Bench Memos

Law & the Courts

Biden OLC Leaves in Place Opinion Holding that Equal Rights Amendment Expired Decades Ago

On the eve of the date that proponents of the long-ago-expired Equal Rights Amendment contend that it becomes effective, the Department of Justice’s Office of Legal Counsel has issued a curious brief opinion that gratuitously advises that an opinion issued by the Office in January 2020 “is not an obstacle either to Congress’s ability to act with respect to ratification of the ERA or to judicial consideration of the pertinent questions.” That advice is gratuitous because it is a truism: OLC opinions bind only the executive branch, not Congress and not the judiciary.
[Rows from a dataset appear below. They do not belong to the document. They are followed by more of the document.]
lemma capped_powr_primitive_diff_ge:
  assumes a: "0 < a" "a < 1" and D: "0 < D" and c: "0 < c" "c \<le> s"
  shows "(s powr a - c powr a) * min 1 (D / s) \<le> capped_powr_primitive a D s - capped_powr_primitive a D c"
proof -
  have s: "0 < s" using c by linarith
  consider "s \<le> D" | "D < c" | "c \<le> D" "D < s" by linarith
  then show ?thesis
  proof cases
    case 1
    then show ?thesis using c s by (simp add: capped_powr_primitive_def)
  next
    case 2
    have "(s powr a - c powr a) * min 1 (D / s) = D * ((s powr a - c powr a) / s)"
      using s 2 c by (simp add: min_def)
    also have "\<dots> \<le> D * (a / (1 - a) * (c powr (a - 1) - s powr (a - 1)))"
      using powr_diff_div_le[OF a c] D by (intro mult_left_mono) auto
    finally show ?thesis using 2 c by (simp add: capped_powr_primitive_def algebra_simps)
  next
    case 3
    have "(s powr a - c powr a) * min 1 (D / s)
        = D * ((s powr a - D powr a) / s) + (D powr a - c powr a) * (D / s)"
      using s 3 by (simp add: min_def field_simps)
    also have "\<dots> \<le> D * (a / (1 - a) * (D powr (a - 1) - s powr (a - 1))) + (D powr a - c powr a) * 1"
    proof (intro add_mono mult_left_mono)
      show "(s powr a - D powr a) / s \<le> a / (1 - a) * (D powr (a - 1) - s powr (a - 1))"
        using powr_diff_div_le[OF a D, of s] 3 by simp
      show "0 \<le> D powr a - c powr a" using 3 c a by (simp add: powr_mono2)
    qed (use D 3 s in auto)
    also have "\<dots> = capped_powr_primitive a D s - capped_powr_primitive a D c"
      using 3 D powr_add[of D 1 "a - 1"] by (simp add: capped_powr_primitive_def algebra_simps)
    finally show ?thesis .
  qed
qed

lemma sum_powr_diff_mult_le:
  fixes b q :: "nat \<Rightarrow> real" and D a :: real
  assumes a: "0 < a" "a < 1" and D: "0 < D" and b: "\<And>n. 0 < b n" "\<And>n. b (Suc n) \<le> b n"
    and q: "\<And>n. q n \<le> 1" "\<And>n. q n * b n \<le> D" and "m \<le> N"
  shows "(\<Sum>n\<in>{m..<N}. (b n powr a - b (Suc n) powr a) * q n) \<le> D powr a / (1 - a)"
proof -
  let ?G = "\<lambda>n. capped_powr_primitive a D (b n)"
  have "(\<Sum>n\<in>{m..<N}. (b n powr a - b (Suc n) powr a) * q n) \<le> (\<Sum>n\<in>{m..<N}. ?G n - ?G (Suc n))"
  proof (rule sum_mono)
    fix n
    have "q n \<le> min 1 (D / b n)" using q[of n] b(1)[of n] by (simp add: field_simps)
    then have "(b n powr a - b (Suc n) powr a) * q n \<le> (b n powr a - b (Suc n) powr a) * min 1 (D / b n)"
      using b(2)[of n] b(1)[of "Suc n"] a by (intro mult_left_mono) (simp_all add: powr_mono2)
    also have "\<dots> \<le> ?G n - ?G (Suc n)"
      by (rule capped_powr_primitive_diff_ge[OF a D b(1) b(2)])
    finally show "(b n powr a - b (Suc n) powr a) * q n \<le> ?G n - ?G (Suc n)" .
  qed
  also have "\<dots> = ?G m - ?G N"
    using sum_Suc_diff'[OF \<open>m \<le> N\<close>, of "\<lambda>n. - ?G n"] by simp
  also have "\<dots> \<le> D powr a / (1 - a)"
    using capped_powr_primitive_bounds[OF a D b(1)[of m]] capped_powr_primitive_bounds[OF a D b(1)[of N]]
    by linarith
  finally show ?thesis .
qed

definition abel_coeff :: "(nat \<Rightarrow> real) \<Rightarrow> nat \<Rightarrow> nat \<Rightarrow> real" where
  "abel_coeff \<beta> N n = (if 1 \<le> n then \<beta> n else 0) - (if n < N then \<beta> (Suc n) else 0)"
The more significant aspect of today’s OLC opinion is that although it states that some issues addressed in the January 2020 opinion “were closer and more difficult than the opinion suggested,” it does not revise or withdraw that opinion’s bottom-line conclusion, namely:

For the reasons set forth above, we conclude that the ERA Resolution has expired and is no longer pending before the States. Even if one or more state legislatures were to ratify the 1972 proposal, that action would not complete the ratification of the amendment, and the ERA’s adoption could not be certified under 1 U.S.C. § 106b. In addition, we conclude that when Congress uses a proposing clause to impose a deadline on the States’ ratification of a proposed constitutional amendment, that deadline is binding and Congress may not revive the proposal after the deadline’s expiration. Accordingly, should Congress now “deem [the ERA] necessary,” U.S. Const. art. V, the only constitutional path for amendment would be for two-thirds of both Houses (or a convention sought by two-thirds of the state legislatures) to propose the amendment once more and restart the ratification process among the States, consistent with Article V of the Constitution.
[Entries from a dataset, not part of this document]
lemma yy_path_stretch:
  assumes "u \<in> V" "v \<in> V" "cmod (u - v) \<le> 1"
  shows "\<exists>q. is_path YY u v q \<and> path_length q \<le> (1 + eps) * cmod (u - v)"
proof -
  define P where "P = (\<lambda>(a, b). cmod (a - b) \<le> 1 \<longrightarrow>
    (\<exists>q. is_path YY a b q \<and> path_length q \<le> (1 + eps) * cmod (a - b)))"
  have "P (u, v)"
  proof (rule finite_measure_induct[where f = "\<lambda>(a, b). cmod (a - b)"])
    show "finite (V \<times> V)" "(u, v) \<in> V \<times> V"
      using finite_V assms by auto
  next
    fix p
    assume "p \<in> V \<times> V"
      and IH: "\<And>p'. p' \<in> V \<times> V \<Longrightarrow> (\<lambda>(a, b). cmod (a - b)) p' < (\<lambda>(a, b). cmod (a - b)) p \<Longrightarrow> P p'"
    then obtain a b where p: "p = (a, b)" "a \<in> V" "b \<in> V"
      by blast
    show "P p"
    proof (cases "a = b")
      case True
      then show ?thesis
        by (auto simp: P_def p is_path_singleton path_length_def intro!: exI[of _ "[b]"])
    next
      case False
      have "\<exists>q. is_path YY a b q \<and> path_length q \<le> (1 + eps) * cmod (a - b)"
        if "cmod (a - b) \<le> 1"
      proof (rule yy_path_stretch_step)
        show "(a, b) \<in> udg_edges V"
          using p False that by (simp add: udg_edges_def)
        show "\<exists>q. is_path YY a' b' q \<and> path_length q \<le> (1 + eps) * cmod (a' - b')"
          if "a' \<in> V" "b' \<in> V" "cmod (a' - b') < cmod (a - b)" for a' b'
          using IH[of "(a', b')"] that \<open>cmod (a - b) \<le> 1\<close> by (auto simp: P_def p)
      qed
      then show ?thesis
        by (simp add: P_def p)
    qed
  qed
  then show ?thesis
    using assms(3) by (simp add: P_def)
qed

lemma yy_length_spanner: "length_spanner V (udg_edges V) YY (1 + eps)"
  unfolding length_spanner_def path_length_eq_walk_weight
  using yy_path_stretch
  by (intro ballI allI impI path_stretch_from_edge_stretch)
    (auto simp: udg_edges_def path_length_eq_walk_weight)

lemma yy_power_stretch:
  assumes "1 \<le> \<beta>"
  shows "power_stretch \<beta> V (udg_edges V) YY ((1 + eps) powr \<beta>)"
  unfolding power_stretch_def path_power_eq_walk_weight
proof (intro ballI allI impI path_stretch_from_edge_stretch)
  fix a b
  assume "(a, b) \<in> udg_edges V"
  then obtain q where q: "is_path YY a b q" "path_length q \<le> (1 + eps) * cmod (a - b)"
    using yy_path_stretch by (auto simp: udg_edges_def)
  have "path_power \<beta> q \<le> path_length q powr \<beta>"
    using assms by (rule path_power_le_path_length_powr)
  also have "\<dots> \<le> ((1 + eps) * cmod (a - b)) powr \<beta>"
    using q(2) assms path_length_nonneg by (intro powr_mono2) auto
  also have "\<dots> = (1 + eps) powr \<beta> * cmod (a - b) powr \<beta>"
    using eps_pos by (simp add: powr_mult)
  finally show "\<exists>q. is_path YY a b q \<and> walk_weight (\<lambda>(a, b). cmod (a - b) powr \<beta>) q
      \<le> (1 + eps) powr \<beta> * (\<lambda>(a, b). cmod (a - b) powr \<beta>) (a, b)"
    using q(1) by (auto simp: path_power_eq_walk_weight)
qed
Those conclusions therefore continue to bind the executive branch. And for compelling reason. To summarize briefly:

The seven-year period for ratification that was part of Congress’s proposal of the ERA expired in 1979. Even if one were to assume that Congress lawfully extended the ratification deadline by majority vote in 1978, that extended deadline expired in 1982. Even supporters of the ERA recognized that they needed to start over after the 1982 deadline passed. And by dismissing as moot in October 1982 a case challenging the validity of that deadline extension, the Supreme Court clearly signaled its own judgment that ratification of the ERA had failed.

That’s why even Justice Ginsburg, a leading proponent of the ERA, recognized in September 2019 that the ratification process would need to “start[] over again.”